Stiper Flores Bajawa
BPOM Ende Libatkan Kampus Garda Terdepan Pengawasan Obat dan Makanan
Balai Pengawas Obat dan Makanan (BPOM) Ende menggelar kegiatan sosialisasi pengawasan obat dan makanan di Sekolah Tinggi Pertanian Flores
Penulis: Charles Abar | Editor: Ricko Wawo
:quality(30):format(webp):focal(0.5x0.5:0.5x0.5)/flores/foto/bank/originals/bpom-ende-dan-stiper.jpg)
Ringkasan Berita:
- Balai Pengawas Obat dan Makanan (BPOM) Ende mengadakan sosialisasi di Sekolah Tinggi Pertanian Flores Bajawa (STIPER FB) pada 12 Desember 2025 sebagai bagian dari program nasional Si OMA Kelimutu.
- Meningkatkan kesadaran masyarakat, khususnya mahasiswa, tentang pentingnya memilih obat dan makanan yang aman, bermutu, dan bebas bahan berbahaya.
- Memberikan pemahaman tentang bahaya bahan berbahaya dalam makanan serta risiko penyalahgunaan obat.
Laporan Reporter TRIBUNFLORES.COM, Charles Abar
TRIBUNFLORES.COM, BAJAWA – Balai Pengawas Obat dan Makanan (BPOM) Ende menggelar kegiatan sosialisasi pengawasan obat dan makanan di Sekolah Tinggi Pertanian Flores Bajawa (STIPER FB), Jumat, 12 Desember 2025.

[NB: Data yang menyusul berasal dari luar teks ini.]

(* Let $P=(P_1,\ldots,P_n)$ be a reduced profile of linear orders on a finite set of alternatives $A$, with voter set $N=\{1,\ldots,n\}$, and suppose $P$ is single-crossing with respect to some tree on $N$. Then the tree on $N$ which is minimal with respect to $P$ and with respect to which $P$ is single-crossing is unique.
   Context: Voter $i$ prefers $a$ to $b$ is written $a\succ_i b$. A profile is reduced if no two voters have identical linear orders. Given a tree $T=(N,E)$ on the voter set, the profile is single-crossing with respect to $T$ if for every pair of distinct alternatives $a,b$ one of the following holds: (i) there is an edge $e\in E$ (an "$ab$-cut") such that, removing $e$ from $T$, the two resulting subtrees have vertex sets $V_1,V_2$ with all voters in $V_1$ preferring $a$ to $b$ and all voters in $V_2$ preferring $b$ to $a$; or (ii) all voters prefer $a$ to $b$, or all voters prefer $b$ to $a$. $T$ is minimal with respect to $P$ if every edge of $T$ is an $ab$-cut for some pair of alternatives $a,b$. *)

theory Defs
  imports Main
begin

text \<open>Voters are natural numbers; a profile assigns to each voter i a strict
linear order P i on the alternatives A, where (a,b) \<in> P i means a \<succ>_i b.\<close>

definition profile :: "'a set \<Rightarrow> nat set \<Rightarrow> (nat \<Rightarrow> ('a \<times> 'a) set) \<Rightarrow> bool" where
  "profile A N P \<longleftrightarrow> (\<forall>i\<in>N. strict_linear_order_on A (P i) \<and> P i \<subseteq> A \<times> A)"

definition reduced :: "nat set \<Rightarrow> (nat \<Rightarrow> ('a \<times> 'a) set) \<Rightarrow> bool" where
  "reduced N P \<longleftrightarrow> (\<forall>i\<in>N. \<forall>j\<in>N. i \<noteq> j \<longrightarrow> P i \<noteq> P j)"

definition adj :: "'v set set \<Rightarrow> ('v \<times> 'v) set" where
  "adj E = {(u, v). {u, v} \<in> E}"

definition is_graph :: "'v set \<Rightarrow> 'v set set \<Rightarrow> bool" where
  "is_graph V E \<longleftrightarrow> (\<forall>e\<in>E. \<exists>u v. e = {u, v} \<and> u \<noteq> v \<and> u \<in> V \<and> v \<in> V)"

definition connected_graph :: "'v set \<Rightarrow> 'v set set \<Rightarrow> bool" where
  "connected_graph V E \<longleftrightarrow> (\<forall>u\<in>V. \<forall>v\<in>V. (u, v) \<in> (adj E)\<^sup>*)"

definition is_cycle :: "'v set set \<Rightarrow> 'v list \<Rightarrow> bool" where
  "is_cycle E cs \<longleftrightarrow> length cs \<ge> 3 \<and> distinct cs
     \<and> (\<forall>k. Suc k < length cs \<longrightarrow> {cs ! k, cs ! Suc k} \<in> E)
     \<and> {last cs, hd cs} \<in> E"

definition acyclic_graph :: "'v set set \<Rightarrow> bool" where
  "acyclic_graph E \<longleftrightarrow> (\<nexists>cs. is_cycle E cs)"

definition is_tree :: "'v set \<Rightarrow> 'v set set \<Rightarrow> bool" where
  "is_tree V E \<longleftrightarrow> is_graph V E \<and> connected_graph V E \<and> acyclic_graph E"

definition ab_cut :: "nat set set \<Rightarrow> (nat \<Rightarrow> ('a \<times> 'a) set) \<Rightarrow> 'a \<Rightarrow> 'a \<Rightarrow> nat set \<Rightarrow> bool" where
  "ab_cut E P a b e \<longleftrightarrow> e \<in> E \<and> (\<exists>u v. e = {u, v} \<and> u \<noteq> v
     \<and> (\<forall>w. (u, w) \<in> (adj (E - {e}))\<^sup>* \<longrightarrow> (a, b) \<in> P w)
     \<and> (\<forall>w. (v, w) \<in> (adj (E - {e}))\<^sup>* \<longrightarrow> (b, a) \<in> P w))"

definition single_crossing_tree ::
  "'a set \<Rightarrow> nat set \<Rightarrow> (nat \<Rightarrow> ('a \<times> 'a) set) \<Rightarrow> nat set set \<Rightarrow> bool" where
  "single_crossing_tree A N P E \<longleftrightarrow>
     (\<forall>a\<in>A. \<forall>b\<in>A. a \<noteq> b \<longrightarrow>
        (\<exists>e\<in>E. ab_cut E P a b e)
        \<or> (\<forall>i\<in>N. (a, b) \<in> P i) \<or> (\<forall>i\<in>N. (b, a) \<in> P i))"

definition minimal_tree ::
  "'a set \<Rightarrow> (nat \<Rightarrow> ('a \<times> 'a) set) \<Rightarrow> nat set set \<Rightarrow> bool" where
  "minimal_tree A P E \<longleftrightarrow> (\<forall>e\<in>E. \<exists>a\<in>A. \<exists>b\<in>A. a \<noteq> b \<and> ab_cut E P a b e)"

Kegiatan ini merupakan bagian dari program nasional Si OMA Kelimutu, yang bertujuan meningkatkan kesadaran masyarakat terhadap pentingnya mengonsumsi obat dan makanan yang aman, bermutu, dan bebas bahan berbahaya.
Acara dibuka secara resmi oleh Ketua STIPER Flores Bajawa, Dr. Nicolus Noywuli. Dalam sambutannya, ia menegaskan bahwa kampus memiliki peran strategis dalam mendidik generasi muda agar cerdas dan kritis dalam memilih produk yang dikonsumsi.
Baca juga: Rumah Warga Rusak Terdampak Erupsi Gunung Lewotobi, BPBD Sikka Keterbatasan Anggaran
"Mahasiswa adalah kelompok yang dekat dengan informasi, sekaligus agen perubahan. Karena itu, kami mendukung penuh kerja sama dengan BPOM untuk memperkuat pemahaman mengenai keamanan pangan dan obat," ujarnya.
Setelah pembukaan, kegiatan dilanjutkan dengan pemaparan materi oleh Kepala Balai BPOM Ende, Eko Agus Budi Darmawan.
Ia menjelaskan bahwa di era digital saat ini, masyarakat semakin terpapar promosi produk kesehatan dan makanan melalui media sosial, sering kali disertai klaim berlebihan dan testimoni yang menyesatkan. Kondisi ini dapat membuat masyarakat salah memilih produk, sehingga berpotensi membahayakan kesehatan.
Menurut kerangka acuan kegiatan Si OMA Kelimutu, promosi masif tanpa pengawasan serta beredarnya obat tradisional, suplemen, dan kosmetik hingga ke pelosok daerah membuat masyarakat harus lebih kritis sebelum membeli.
Ketika produk digunakan tidak sesuai aturan, dampaknya dapat membahayakan kesehatan bahkan memicu penyakit baru.
Melalui program Si OMA Kelimutu, BPOM Ende menargetkan peningkatan edukasi publik melalui pendekatan Komunikasi, Informasi, dan Edukasi (KIE) serta pengujian cepat bahan berbahaya pada produk pangan.
Ada tiga tujuan utama program ini, yakni, pertama meningkatkan peran aktif masyarakat, termasuk mahasiswa, agar mampu memilih obat dan makanan yang aman, berkhasiat, dan bermutu.
Kedua, meningkatkan kesadaran (awareness) terhadap risiko penggunaan produk yang tidak memenuhi syarat keamanan, khasiat, dan mutu.
Ketiga, memberikan edukasi tentang bahaya bahan berbahaya dalam makanan dan risiko penyalahgunaan obat.
BPOM Ende menilai kalangan akademisi memiliki pengaruh besar dalam menyebarkan informasi yang benar terkait keamanan pangan dan obat. Karena itu, STIPER Flores Bajawa dipilih sebagai salah satu lokasi edukasi dengan harapan mahasiswa dapat meneruskan pengetahuan tersebut kepada masyarakat luas.